■ **Task directions**: Take the material below from its first line through the line containing "y = l2inner" and, please, write those lines again exactly.

^^^^^^^^^^^^^^^^

lemma adj_bop: "bop T \<Longrightarrow> bop (adj T)"
  by (simp add: adj_eq_adj_explicit adj_explicit_bop)

lemma adj_l2inner: "bop T \<Longrightarrow> f \<in> l2 \<Longrightarrow> g \<in> l2 \<Longrightarrow> l2inner g (T f) = l2inner (adj T g) f"
  using is_adj_adj_explicit[of T] by (simp add: adj_eq_adj_explicit is_adj_def)

lemma adj_apply: "bop T \<Longrightarrow> g \<in> l2 \<Longrightarrow> adj T g x = cnj (l2inner g (T (ket x)))"
  by (simp add: adj_eq_adj_explicit adj_explicit_def)

lemma bop_eqI_ket:
  assumes S: "bop S" and T: "bop T" and eq: "\<And>x. S (ket x) = T (ket x)"
  shows "S = T"
proof (intro ext)
  fix f y
  show "S f y = T f y"
  proof (cases "f \<in> l2")
    case True
    have "S f y = l2inner (adj S (ket y)) f"
      using S True by (simp flip: adj_l2inner add: l2inner_ket_left)
    also have "adj S (ket y) = adj T (ket y)"
      using S T by (simp add: adj_apply eq fun_eq_iff)
    also have "l2inner (adj T (ket y)) f = T f y"
      using T True by (simp flip: adj_l2inner add: l2inner_ket_left)
    finally show ?thesis .
  qed (use S T in \<open>simp add: bop_nonl2\<close>)
qed

lemma adj_comp:
  fixes S :: "('a \<Rightarrow> complex) \<Rightarrow> ('b \<Rightarrow> complex)" and T :: "('b \<Rightarrow> complex) \<Rightarrow> ('c \<Rightarrow> complex)"
  assumes S: "bop S" and T: "bop T"
  shows "adj (T \<circ> S) = adj S \<circ> adj T"
proof (rule adj_unique)
  show "bop (T \<circ> S)" using S T by (rule bop_comp)
  show "is_adj (T \<circ> S) (adj S \<circ> adj T)"
    unfolding is_adj_def using S T adj_bop[OF T]
    by (auto intro: bop_comp adj_bop simp: adj_l2inner bop_l2 bop_range_l2)
qed

lemma isometry_bop: "isometry T \<Longrightarrow> bop T"
  by (simp add: isometry_def)

lemma isometry_l2norm: "isometry T \<Longrightarrow> f \<in> l2 \<Longrightarrow> l2norm (T f) = l2norm f"
  by (simp add: isometry_def)

lemma isometry_comp: "isometry S \<Longrightarrow> isometry T \<Longrightarrow> isometry (T \<circ> S)"
  unfolding isometry_def by (auto simp: bop_comp bop_l2)

lemma l2inner_expand:
  assumes f: "f \<in> l2" and g: "g \<in> l2"
  shows "l2inner (\<lambda>x. f x + c * g x) (\<lambda>x. f x + c * g x)
    = l2inner f f + c * l2inner f g + cnj (c * l2inner f g) + c * cnj c * l2inner g g"
  using l2_lin[OF f g] f g
  by (simp add: l2inner_lin_left l2inner_lin_right l2inner_commute_cnj[of g f] algebra_simps)

text \<open>Polarization: an isometry preserves \<open>Re (c \<langle>f, g\<rangle>)\<close> for every \<open>c\<close>, hence the inner product.\<close>

lemma isometry_l2inner:
  assumes T: "isometry T" and f: "f \<in> l2" and g: "g \<in> l2"
  shows "l2inner (T f) (T g) = l2inner f g"
proof -
  have bT: "bop T" using T by (rule isometry_bop)
  have self: "l2inner (T h) (T h) = l2inner h h" if "h \<in> l2" for h
    using T bT that by (simp add: l2inner_self bop_l2 isometry_l2norm)
  have "c * l2inner (T f) (T g) + cnj (c * l2inner (T f) (T g)) = c * l2inner f g + cnj (c * l2inner f g)"
    for c
    using self[OF l2_lin[OF f g, of c]] bT f g
    by (simp add: bop_lin l2inner_expand bop_l2 self)
  from this[of 1] this[of \<i>] show ?thesis by (simp add: complex_eq_iff)
qed

lemma isometry_adj_cancel:
  assumes T: "isometry T" and f: "f \<in> l2"
  shows "adj T (T f) = f"
proof (rule ext)
  fix x
  have "adj T (T f) x = cnj (l2inner (T f) (T (ket x)))"
    using T f by (simp add: adj_apply bop_l2 isometry_bop)
  also have "\<dots> = f x" using T f by (simp add: isometry_l2inner l2inner_ket_right)
  finally show "adj T (T f) x = f x" .
qed

definition transp_explicit :: "(('a \<Rightarrow> complex) \<Rightarrow> ('a \<Rightarrow> complex)) \<Rightarrow> (('a \<Rightarrow> complex) \<Rightarrow> ('a \<Rightarrow> complex))" where
  "transp_explicit b = cnj_vec \<circ> adj b \<circ> cnj_vec"

lemma transp_explicit_bop:
  assumes b: "bop b"
  shows "bop (transp_explicit b)"
proof -
  have ab: "bop (adj b)" using b by (rule adj_bop)
  obtain C where C: "\<And>f. f \<in> l2 \<Longrightarrow> l2norm (adj b f) \<le> C * l2norm f"
    using bop_bound[OF ab] by blast
  show ?thesis
  proof (rule bopI[where C = C])
    fix f :: "'a \<Rightarrow> complex"
    show "f \<in> l2 \<Longrightarrow> transp_explicit b f \<in> l2"
      using ab by (simp add: transp_explicit_def bop_l2)
    show "f \<in> l2 \<Longrightarrow> l2norm (transp_explicit b f) \<le> C * l2norm f"
      using C[of "cnj_vec f"] by (simp add: transp_explicit_def l2norm_sqnorm)
    show "f \<notin> l2 \<Longrightarrow> transp_explicit b f = (\<lambda>_. 0)"
      using ab by (simp add: transp_explicit_def bop_nonl2) (simp add: cnj_vec_def)
  next
    fix f g :: "'a \<Rightarrow> complex" and c
    assume "f \<in> l2" "g \<in> l2"
    moreover have "cnj_vec (\<lambda>x. f x + c * g x) = (\<lambda>x. cnj_vec f x + cnj c * cnj_vec g x)"
      by (simp add: cnj_vec_def)
    ultimately show "transp_explicit b (\<lambda>x. f x + c * g x)
        = (\<lambda>y. transp_explicit b f y + c * transp_explicit b g y)"
      using ab by (simp add: transp_explicit_def bop_lin) (simp add: cnj_vec_def)
  qed
qed

lemma transp_explicit_ket: "bop b \<Longrightarrow> transp_explicit b (ket j) i = b (ket i) j"
proof -
  assume b: "bop b"
  have "cnj_vec (ket j) = ket j" by (simp add: cnj_vec_def ket_def fun_eq_iff)
  then show ?thesis using b by (simp add: transp_explicit_def adj_apply l2inner_ket_left cnj_vec_def)
qed

lemma transp_bop_ket:
  assumes "bop b"
  shows "bop (transp b) \<and> (\<forall>i j. transp b (ket j) i = b (ket i) j)"
proof -
  have "bop (transp_explicit b) \<and> (\<forall>i j. transp_explicit b (ket j) i = b (ket i) j)"
    using assms by (simp add: transp_explicit_bop transp_explicit_ket)
  moreover have "c = transp_explicit b" if "bop c \<and> (\<forall>i j. c (ket j) i = b (ket i) j)" for c
    using that calculation by (intro bop_eqI_ket) (auto simp: fun_eq_iff)
  ultimately show ?thesis
    unfolding transp_def by (rule theI)
qed

lemma transp_bop: "bop b \<Longrightarrow> bop (transp b)"
  using transp_bop_ket by blast

lemma transp_ket: "bop b \<Longrightarrow> transp b (ket j) i = b (ket i) j"
  using transp_bop_ket by blast

lemma transp_transp: "bop b \<Longrightarrow> transp (transp b) = b"
  by (rule bop_eqI_ket) (auto simp: transp_bop transp_ket fun_eq_iff)

lemma transp_idop: "transp idop = idop"
proof (rule bop_eqI_ket)
  fix x
  show "transp idop (ket x) = idop (ket x)"
    unfolding fun_eq_iff transp_ket[OF idop_bop] idop_l2[OF l2_ket] by (simp add: ket_def)
qed (simp_all add: transp_bop idop_bop)

section \<open>Tensor products\<close>

definition vtensor :: "('a \<Rightarrow> complex) \<Rightarrow> ('b \<Rightarrow> complex) \<Rightarrow> ('a \<times> 'b \<Rightarrow> complex)" where
  "vtensor x y = (\<lambda>(i, j). x i * y j)"

lemma vtensor_apply [simp]: "vtensor x y (i, j) = x i * y j"
  by (simp add: vtensor_def)

lemma ket_pair: "ket (i, j) = vtensor (ket i) (ket j)"
  by (auto simp: vtensor_def ket_def fun_eq_iff)

lemma vtensor_scale_left: "vtensor (\<lambda>i. c * x i) y = (\<lambda>p. c * vtensor x y p)"
  by (auto simp: vtensor_def fun_eq_iff)

lemma vtensor_scale_right: "vtensor x (\<lambda>j. c * y j) = (\<lambda>p. c * vtensor x y p)"
  by (auto simp: vtensor_def fun_eq_iff)

lemma vtensor_lin_left: "vtensor (\<lambda>i. f i + c * g i) y = (\<lambda>p. vtensor f y p + c * vtensor g y p)"
  by (auto simp: vtensor_def fun_eq_iff algebra_simps)

lemma vtensor_lin_right: "vtensor x (\<lambda>j. f j + c * g j) = (\<lambda>p. vtensor x f p + c * vtensor x g p)"
  by (auto simp: vtensor_def fun_eq_iff algebra_simps)

lemma l2_vtensor_sqnorm:
  assumes x: "x \<in> l2" and y: "y \<in> l2"
  shows "vtensor x y \<in> l2" "sqnorm (vtensor x y) = sqnorm x * sqnorm y"
proof -
  define f where "f = (\<lambda>p. (cmod (vtensor x y p))\<^sup>2)"
  have inner: "((\<lambda>j. f (i, j)) has_sum ((cmod (x i))\<^sup>2 * sqnorm y)) UNIV" for i
    unfolding f_def sqnorm_def using y unfolding l2_def
    by (auto simp: norm_mult power_mult_distrib intro!: has_sum_cmult_right has_sum_infsum)
  have outer: "((\<lambda>i. (cmod (x i))\<^sup>2 * sqnorm y) has_sum (sqnorm x * sqnorm y)) UNIV"
    unfolding sqnorm_def using x unfolding l2_def by (auto intro!: has_sum_cmult_left has_sum_infsum)
  have "f summable_on UNIV \<times> UNIV"
    by (rule summable_on_SigmaI[OF inner has_sum_imp_summable[OF outer]]) (simp add: f_def)
  then show "vtensor x y \<in> l2" by (simp add: l2_def f_def)
  have "(f has_sum (sqnorm x * sqnorm y)) (UNIV \<times> UNIV)"
    by (rule has_sum_SigmaI[OF inner outer \<open>f summable_on UNIV \<times> UNIV\<close>])
  then show "sqnorm (vtensor x y) = sqnorm x * sqnorm y" unfolding sqnorm_def f_def by (simp add: infsumI)
qed

lemma l2_vtensor: "x \<in> l2 \<Longrightarrow> y \<in> l2 \<Longrightarrow> vtensor x y \<in> l2"
  using l2_vtensor_sqnorm by blast

lemma l2norm_vtensor: "x \<in> l2 \<Longrightarrow> y \<in> l2 \<Longrightarrow> l2norm (vtensor x y) = l2norm x * l2norm y"
  by (simp add: l2norm_sqnorm l2_vtensor_sqnorm(2) real_sqrt_mult)

lemma l2inner_vtensor:
  assumes x: "x \<in> l2" and y: "y \<in> l2" and x': "x' \<in> l2" and y': "y' \<in> l2"
  shows "l2inner (vtensor x y) (vtensor x' y') = l2inner x x' * l2inner y y'"
proof -
  define f where "f = (\<lambda>p. cnj (vtensor x y p) * vtensor x' y' p)"
  have fe: "f (i, j) = (cnj (x i) * x' i) * (cnj (y j) * y' j)" for i j
    by (simp add: f_def algebra_simps)
  have inner: "((\<lambda>j. f (i, j)) has_sum ((cnj (x i) * x' i) * l2inner y y')) UNIV" for i
    unfolding fe l2inner_def using l2inner_summable[OF y y'] by (auto intro!: has_sum_cmult_right has_sum_infsum)
  have outer: "((\<lambda>i. (cnj (x i) * x' i) * l2inner y y') has_sum (l2inner x x' * l2inner y y')) UNIV"
    unfolding l2inner_def[of x] using l2inner_summable[OF x x'] by (auto intro!: has_sum_cmult_left has_sum_infsum)
  have "f summable_on UNIV \<times> UNIV"
    unfolding f_def using l2inner_summable[OF l2_vtensor[OF x y] l2_vtensor[OF x' y']] by simp
  then have "(f has_sum (l2inner x x' * l2inner y y')) (UNIV \<times> UNIV)"
    by (rule has_sum_SigmaI[OF inner outer])
  then show ?thesis unfolding l2inner_def[of "vtensor x y"] f_def by (simp add: infsumI)
qed

lemma l2_row: "\<xi> \<in> l2 \<Longrightarrow> (\<lambda>j. \<xi> (i, j)) \<in> l2"
  unfolding l2_def
  using summable_on_reindex[of "Pair i" UNIV "\<lambda>p. (cmod (\<xi> p))\<^sup>2"]
    summable_on_subset_banach[of "\<lambda>p. (cmod (\<xi> p))\<^sup>2" UNIV "range (Pair i)"]
  by (auto simp: inj_on_def o_def)

lemma l2_by_rows:
  fixes \<xi> :: "'a \<times> 'b \<Rightarrow> complex"
  assumes rows: "\<And>i. (\<lambda>j. \<xi> (i, j)) \<in> l2"
    and sm: "(\<lambda>i. sqnorm (\<lambda>j. \<xi> (i, j))) summable_on UNIV"
  shows "\<xi> \<in> l2" "sqnorm \<xi> = (\<Sum>\<^sub>\<infinity>i. sqnorm (\<lambda>j. \<xi> (i, j)))"
proof -
  define f where "f = (\<lambda>p. (cmod (\<xi> p))\<^sup>2)"
  have inner: "((\<lambda>j. f (i, j)) has_sum sqnorm (\<lambda>j. \<xi> (i, j))) UNIV" for i
    using rows[of i] unfolding f_def sqnorm_def l2_def by simp
  have sm2: "f summable_on UNIV \<times> UNIV"
    by (rule summable_on_SigmaI[OF inner sm]) (simp add: f_def)
  then show "\<xi> \<in> l2" by (simp add: l2_def f_def)
  have "(f has_sum (\<Sum>\<^sub>\<infinity>i. sqnorm (\<lambda>j. \<xi> (i, j)))) (UNIV \<times> UNIV)"
    by (rule has_sum_SigmaI[OF inner _ sm2]) (use sm in simp)
  then show "sqnorm \<xi> = (\<Sum>\<^sub>\<infinity>i. sqnorm (\<lambda>j. \<xi> (i, j)))" unfolding sqnorm_def f_def by (simp add: infsumI)
qed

^^^^^^^^^^^^^^^^

■ **Answer section**:
lemma adj_bop: "bop T \<Longrightarrow> bop (adj T)"
  by (simp add: adj_eq_adj_explicit adj_explicit_bop)

lemma adj_l2inner: "bop T \<Longrightarrow> f \<in> l2 \<Longrightarrow> g \<in> l2 \<Longrightarrow> l2inner g (T f) = l2inner (adj T g) f"
  using is_adj_adj_explicit[of T] by (simp add: adj_eq_adj_explicit is_adj_def)

lemma adj_apply: "bop T \<Longrightarrow> g \<in> l2 \<Longrightarrow> adj T g x = cnj (l2inner g (T (ket x)))"
  by (simp add: adj_eq_adj_explicit adj_explicit_def)

lemma bop_eqI_ket:
  assumes S: "bop S" and T: "bop T" and eq: "\<And>x. S (ket x) = T (ket x)"
  shows "S = T"
proof (intro ext)
  fix f y
  show "S f y = T f y"
  proof (cases "f \<in> l2")
    case True
    have "S f y = l2inner (adj S (ket y)) f"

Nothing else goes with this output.